Reputation: 25528
In NumPy, why does hstack()
copy the data from the arrays being stacked:
A, B = np.array([1,2]), np.array([3,4])
C = np.hstack((A,B))
A[0]=99
gives for C
:
array([1, 2, 3, 4])
whereas hsplit()
creates a view on the data:
a = np.array(((1,2),(3,4)))
b, c = np.hsplit(a,2)
a[0][0]=99
gives for b
:
array([[99],
[ 3]])
I mean - what is the reasoning behind the implementation of this behaviour (which I find inconsistent and hard to remember): I accept that this happens because it's coded that way...
Upvotes: 6
Views: 950
Reputation: 68682
Basically the underlying ndarray data structure only has a single pointer to the start of its data's memory and then stride information about how to move through each dimension. If you concatenate two arrays, it won't know how to move from one memory location to the other. On the other hand, if you split an array into two arrays, each can easily store a pointer to the first element (which is somewhere inside the original array).

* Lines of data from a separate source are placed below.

lemma ex_cycle_without_short_odd_le:
  assumes "\<forall>a\<in>A. 0 < a" "0 < q"
  shows "ex_cycle n q (A - {m. odd m \<and> m < q}) \<le> q ^ q * ex_cycle n q A"
proof -
  have "\<forall>b\<in>A - {m. odd m \<and> m < q}. 0 < b" using assms(1) by blast
  then obtain E where E: "graph_on n E" "\<forall>b\<in>A - {m. odd m \<and> m < q}. \<not> contains_cycle b E"
      "ex_cycle n q (A - {m. odd m \<and> m < q}) = card (cycle_copies q E)"
    by (rule ex_cycle_attained)
  obtain c where c: "card (cycle_copies q E) \<le> q ^ q * card (cycle_copies q (step_edges q c E))"
    using exists_colouring_keeping_many_cycles[OF E(1) assms(2)] .
  have sub: "step_edges q c E \<subseteq> E" unfolding step_edges_def by auto
  have "\<forall>b\<in>A. \<not> contains_cycle b (step_edges q c E)"
    using E(2) contains_cycle_mono[OF sub] step_edges_no_short_odd_cycle by blast
  then have "card (cycle_copies q (step_edges q c E)) \<le> ex_cycle n q A"
    by (rule card_cycle_copies_le_ex_cycle[OF graph_on_subset[OF sub E(1)]])
  then have "q ^ q * card (cycle_copies q (step_edges q c E)) \<le> q ^ q * ex_cycle n q A"
    by simp
  with c E(3) show ?thesis by linarith
qed

theorem lemma2:
  fixes k :: nat and A :: "nat set"
  assumes "k \<ge> 1" and "\<forall>a\<in>A. a \<ge> 3"
  shows "(\<lambda>n. real (ex_cycle n (2 * k + 1) A))
           \<in> \<Theta>(\<lambda>n. real (ex_cycle n (2 * k + 1) (A - odd_below k)))"
proof -
  define q where "q = 2 * k + 1"
  have "0 < q" by (simp add: q_def)
  have A_pos: "\<forall>a\<in>A. 0 < a" using assms(2) by fastforce
  have lower: "ex_cycle n q A \<le> ex_cycle n q (A - odd_below k)" for n
    using ex_cycle_antimono[OF Diff_subset A_pos] .
  have upper: "ex_cycle n q (A - odd_below k) \<le> q ^ q * ex_cycle n q A" for n
    unfolding odd_below_def q_def[symmetric] using ex_cycle_without_short_odd_le[OF A_pos \<open>0 < q\<close>] .
  show ?thesis unfolding q_def[symmetric]
  proof (rule bigthetaI)
    show "(\<lambda>n. real (ex_cycle n q A)) \<in> O(\<lambda>n. real (ex_cycle n q (A - odd_below k)))"
      using lower by (intro landau_o.bigI[of 1] always_eventually allI) simp_all
    have "(\<lambda>n. real (ex_cycle n q (A - odd_below k))) \<in> O(\<lambda>n. real (ex_cycle n q A))"
      using upper \<open>0 < q\<close> by (intro landau_o.bigI[of "real (q ^ q)"] always_eventually allI)
        (simp_all del: of_nat_power flip: of_nat_mult)
    then show "(\<lambda>n. real (ex_cycle n q A)) \<in> \<Omega>(\<lambda>n. real (ex_cycle n q (A - odd_below k)))"
      by (simp add: bigomega_iff_bigo)
  qed
qed

end
(* Let $(V_{\bar0},\alpha)$ be a finite-dimensional real vector space with a non-degenerate symmetric bilinear form $\alpha$, and let $V_{\bar1}$ be a real or complex module over the Clifford algebra $Cl(V_{\bar0},\alpha)$ (resp. over $Cl(V_{\bar0},\alpha)\otimes\mathbb{C}$), with Clifford multiplication $(v,s)\mapsto v\cdot s$. Let $\mathcal{W}=\{f_s\colon V_{\bar0}\to V_{\bar1}\mid s\in V_{\bar1},\ f_s(v)=v\cdot s\}\subseteq\underline{\mathrm{Hom}}(V_{\bar0},V_{\bar1})$. If $\dim V_{\bar0}\geq3$, then $\mathrm{Spin}(V_{\bar0})\ltimes\mathcal{W}\leqslant GL(V)$, $V=V_{\bar0}\oplus V_{\bar1}$, is of finite type.
   Context: $\mathrm{Spin}(V_{\bar0})$ acts on $V_{\bar0}$ through $SO(V_{\bar0},\alpha)$ and on $V_{\bar1}$ by Clifford multiplication, giving $\mathrm{Spin}(V_{\bar0})\leqslant GL(V_{\bar0})\times GL(V_{\bar1})$; $\mathcal{W}$ is a $\mathrm{Spin}(V_{\bar0})$-submodule of the odd part $\underline{\mathrm{Hom}}(V_{\bar0},V_{\bar1})$ of $\mathfrak{gl}(V)$ (maps extended by zero on $V_{\bar1}$), and $\mathrm{Spin}(V_{\bar0})\ltimes\mathcal{W}$ is the corresponding Lie supergroup with Lie superalgebra $\mathfrak{g}=\mathfrak{spin}(V_{\bar0})\oplus\mathcal{W}\subseteq\mathfrak{gl}(V)$. Prolongations: $\mathfrak{g}^{(0)}=\mathfrak{g}$, $\mathfrak{g}^{(k)}=\{X\in\underline{\mathrm{Hom}}(V,\mathfrak{g}^{(k-1)})\mid X(v)(w)=(-1)^{|v||w|}X(w)(v)\text{ for homogeneous }v,w\}$ for $k\geq1$. Finite type means $\mathfrak{g}^{(k)}=0$ for some $k$. *)

theory Defs
  imports "HOL-Analysis.Analysis"
begin

text \<open>V0 is the type 'a (a finite-dimensional real vector space, euclidean_space),
  V1 is the type 'b (a real vector space), V = V0 (+) V1 is the product type 'a * 'b.\<close>

definition nondegenerate_form :: "('a::real_vector \<Rightarrow> 'a \<Rightarrow> real) \<Rightarrow> bool" where
  "nondegenerate_form \<alpha> \<longleftrightarrow> (\<forall>x. (\<forall>y. \<alpha> x y = 0) \<longrightarrow> x = 0)"

definition symmetric_form :: "('a \<Rightarrow> 'a \<Rightarrow> real) \<Rightarrow> bool" where
  "symmetric_form \<alpha> \<longleftrightarrow> (\<forall>x y. \<alpha> x y = \<alpha> y x)"

text \<open>A (real) module over the Clifford algebra Cl(V0,alpha), convention v.v = -alpha(v,v):
  by the universal property of the Clifford algebra this is the same as a bilinear
  map (v,s) \<mapsto> v.s with v.(v.s) = - alpha(v,v) s.\<close>
definition clifford_module ::
  "('a::real_vector \<Rightarrow> 'a \<Rightarrow> real) \<Rightarrow> ('a \<Rightarrow> 'b::real_vector \<Rightarrow> 'b) \<Rightarrow> bool" where
  "clifford_module \<alpha> cm \<longleftrightarrow> bilinear cm \<and> (\<forall>v s. cm v (cm v s) = - (\<alpha> v v) *\<^sub>R s)"

definition finite_dim_space :: "'b::real_vector itself \<Rightarrow> bool" where
  "finite_dim_space _ \<longleftrightarrow> (\<exists>B::'b set. finite B \<and> span B = UNIV)"

text \<open>Generator of spin(V0) \<subseteq> gl(V0) x gl(V1) attached to v \<wedge> w: it is the element
  (1/4)(v.w - w.v) of the Clifford algebra; it acts on V0 by the commutator
  u \<mapsto> alpha(v,u) w - alpha(w,u) v (an element of so(V0,alpha)) and on V1 by
  Clifford multiplication s \<mapsto> (1/4)(v.(w.s) - w.(v.s)).\<close>
definition spin_gen ::
  "('a::real_vector \<Rightarrow> 'a \<Rightarrow> real) \<Rightarrow> ('a \<Rightarrow> 'b::real_vector \<Rightarrow> 'b) \<Rightarrow> 'a \<Rightarrow> 'a
     \<Rightarrow> ('a \<times> 'b \<Rightarrow> 'a \<times> 'b)" where
  "spin_gen \<alpha> cm v w = (\<lambda>(u, s).
      (\<alpha> v u *\<^sub>R w - \<alpha> w u *\<^sub>R v,
       (1/4) *\<^sub>R (cm v (cm w s) - cm w (cm v s))))"

definition spin_alg ::
  "('a::real_vector \<Rightarrow> 'a \<Rightarrow> real) \<Rightarrow> ('a \<Rightarrow> 'b::real_vector \<Rightarrow> 'b) \<Rightarrow> ('a \<times> 'b \<Rightarrow> 'a \<times> 'b) set" where
  "spin_alg \<alpha> cm = {A. \<exists>(n::nat) (c::nat \<Rightarrow> real) v w.
      A = (\<lambda>x. \<Sum>i<n. c i *\<^sub>R spin_gen \<alpha> cm (v i) (w i) x)}"

definition W_map :: "('a::real_vector \<Rightarrow> 'b::real_vector \<Rightarrow> 'b) \<Rightarrow> 'b \<Rightarrow> ('a \<times> 'b \<Rightarrow> 'a \<times> 'b)" where
  "W_map cm s = (\<lambda>(u, t). (0, cm u s))"

definition W_space :: "('a::real_vector \<Rightarrow> 'b::real_vector \<Rightarrow> 'b) \<Rightarrow> ('a \<times> 'b \<Rightarrow> 'a \<times> 'b) set" where
  "W_space cm = {W_map cm s | s. True}"

definition spinW_alg ::
  "('a::real_vector \<Rightarrow> 'a \<Rightarrow> real) \<Rightarrow> ('a \<Rightarrow> 'b::real_vector \<Rightarrow> 'b) \<Rightarrow> ('a \<times> 'b \<Rightarrow> 'a \<times> 'b) set" where
  "spinW_alg \<alpha> cm = {(\<lambda>x. A x + B x) | A B. A \<in> spin_alg \<alpha> cm \<and> B \<in> W_space cm}"

text \<open>Homogeneous parts of V = V0 (+) V1: parity False = even (V0), True = odd (V1).\<close>
definition par_part :: "bool \<Rightarrow> ('a::real_vector \<times> 'b::real_vector) set" where
  "par_part p = (if p then {(0, y) | y. True} else {(x, 0) | x. True})"

text \<open>An element X of g^(k) (\<subseteq> Hom(V, Hom(V, ..., gl(V)))) is represented by
  the function F on lists with F [v0,...,vk,u] = X(v0)...(vk)(u) and F xs = 0 for lists of any
  other length. Then X(v) is represented by (\<lambda>xs. F (v # xs)) and X(v)(w) by
  (\<lambda>xs. F (v # w # xs)) (for k = 1 this is the vector X(v)(w) = F [v, w]).\<close>
fun prolong ::
  "('a::real_vector \<times> 'b::real_vector \<Rightarrow> 'a \<times> 'b) set \<Rightarrow> nat
     \<Rightarrow> (('a \<times> 'b) list \<Rightarrow> 'a \<times> 'b) set" where
  "prolong g 0 = {F. \<exists>A\<in>g. \<forall>xs. F xs = (case xs of [u] \<Rightarrow> A u | _ \<Rightarrow> 0)}"
| "prolong g (Suc k) = {F.
      (\<forall>xs. length xs \<noteq> k + 2 \<longrightarrow> F xs = 0) \<and>
      (\<forall>xs. linear (\<lambda>v. F (v # xs))) \<and>
      (\<forall>v. (\<lambda>xs. F (v # xs)) \<in> prolong g k) \<and>
      (\<forall>p q v w. v \<in> par_part p \<and> w \<in> par_part q \<longrightarrow>
          (\<lambda>xs. F (v # w # xs)) = (\<lambda>xs. (if p \<and> q then -1 else 1) *\<^sub>R F (w # v # xs)))}"

definition finite_type :: "('a::real_vector \<times> 'b::real_vector \<Rightarrow> 'a \<times> 'b) set \<Rightarrow> bool" where
  "finite_type g \<longleftrightarrow> (\<exists>k. prolong g k = {\<lambda>_. 0})"

end

theory Submission
  imports Defs
begin

text \<open>The first prolongation already vanishes. Write X \<in> g^(1) as X(v) = A_v + f_{\<sigma>(v)}, where
  A_v is the lift to spin(V0) of R_v \<in> so(V0). On even arguments (a, b) \<mapsto> R_a b is symmetric
  while every R_a is \<alpha>-skew, so R vanishes on V0; comparing even with odd arguments then kills
  R and \<sigma> on V1. What remains is a linear \<sigma> : V0 \<rightarrow> V1 with a\<cdot>\<sigma>(b) = b\<cdot>\<sigma>(a). Contracting with
  the \<alpha>-dual basis, \<omega> = \<Sum>k. e^k\<cdot>\<sigma>(e_k) satisfies x\<cdot>\<omega> = (n - 2) \<sigma>(x), so all Clifford
  products commute on \<omega>; this forces \<omega> = 0, hence \<sigma> = 0 because n \<ge> 3.\<close>

lemma clifford_module_anticomm:
  assumes "bilinear \<alpha>" "symmetric_form \<alpha>" "clifford_module \<alpha> cm"
  shows "cm x (cm y s) + cm y (cm x s) = - (2 * \<alpha> x y) *\<^sub>R s"
proof -
  have cm: "bilinear cm" and sq: "\<And>v s. cm v (cm v s) = - \<alpha> v v *\<^sub>R s"
    using assms(3) by (simp_all add: clifford_module_def)
  have "\<alpha> (x + y) (x + y) = \<alpha> x x + 2 * \<alpha> x y + \<alpha> y y"
    using assms(2) by (simp add: bilinear_ladd[OF assms(1)] bilinear_radd[OF assms(1)]
        symmetric_form_def[of \<alpha>])
  moreover have "cm (x + y) (cm (x + y) s)
      = cm x (cm x s) + (cm x (cm y s) + cm y (cm x s)) + cm y (cm y s)"
    by (simp add: bilinear_ladd[OF cm] bilinear_radd[OF cm] algebra_simps)
  ultimately show ?thesis
    by (simp add: sq algebra_simps)
qed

The basic C implementation is here, and there is a good discussion at:
http://scipy-lectures.github.io/advanced/advanced_numpy/index.html#life-of-ndarray
Upvotes: 6
Reputation: 179442
NumPy generally tries to create views whenever possible, since memory copies are inefficient and can quite quickly eat up a lot of cycles.
hsplit
splits the input array into multiple output arrays. The output arrays can each be views into a portion of the original parent array (since they are basically simple slices). Thus, for efficiency, NumPy creates views, instead of copies.
hstack
combines two completely separate arrays into a single output array. The underlying array implementation cannot handle two separate data sources in a single array, so there is no way to share the data with the original. Thus, NumPy is forced to create a copy.
Upvotes: 5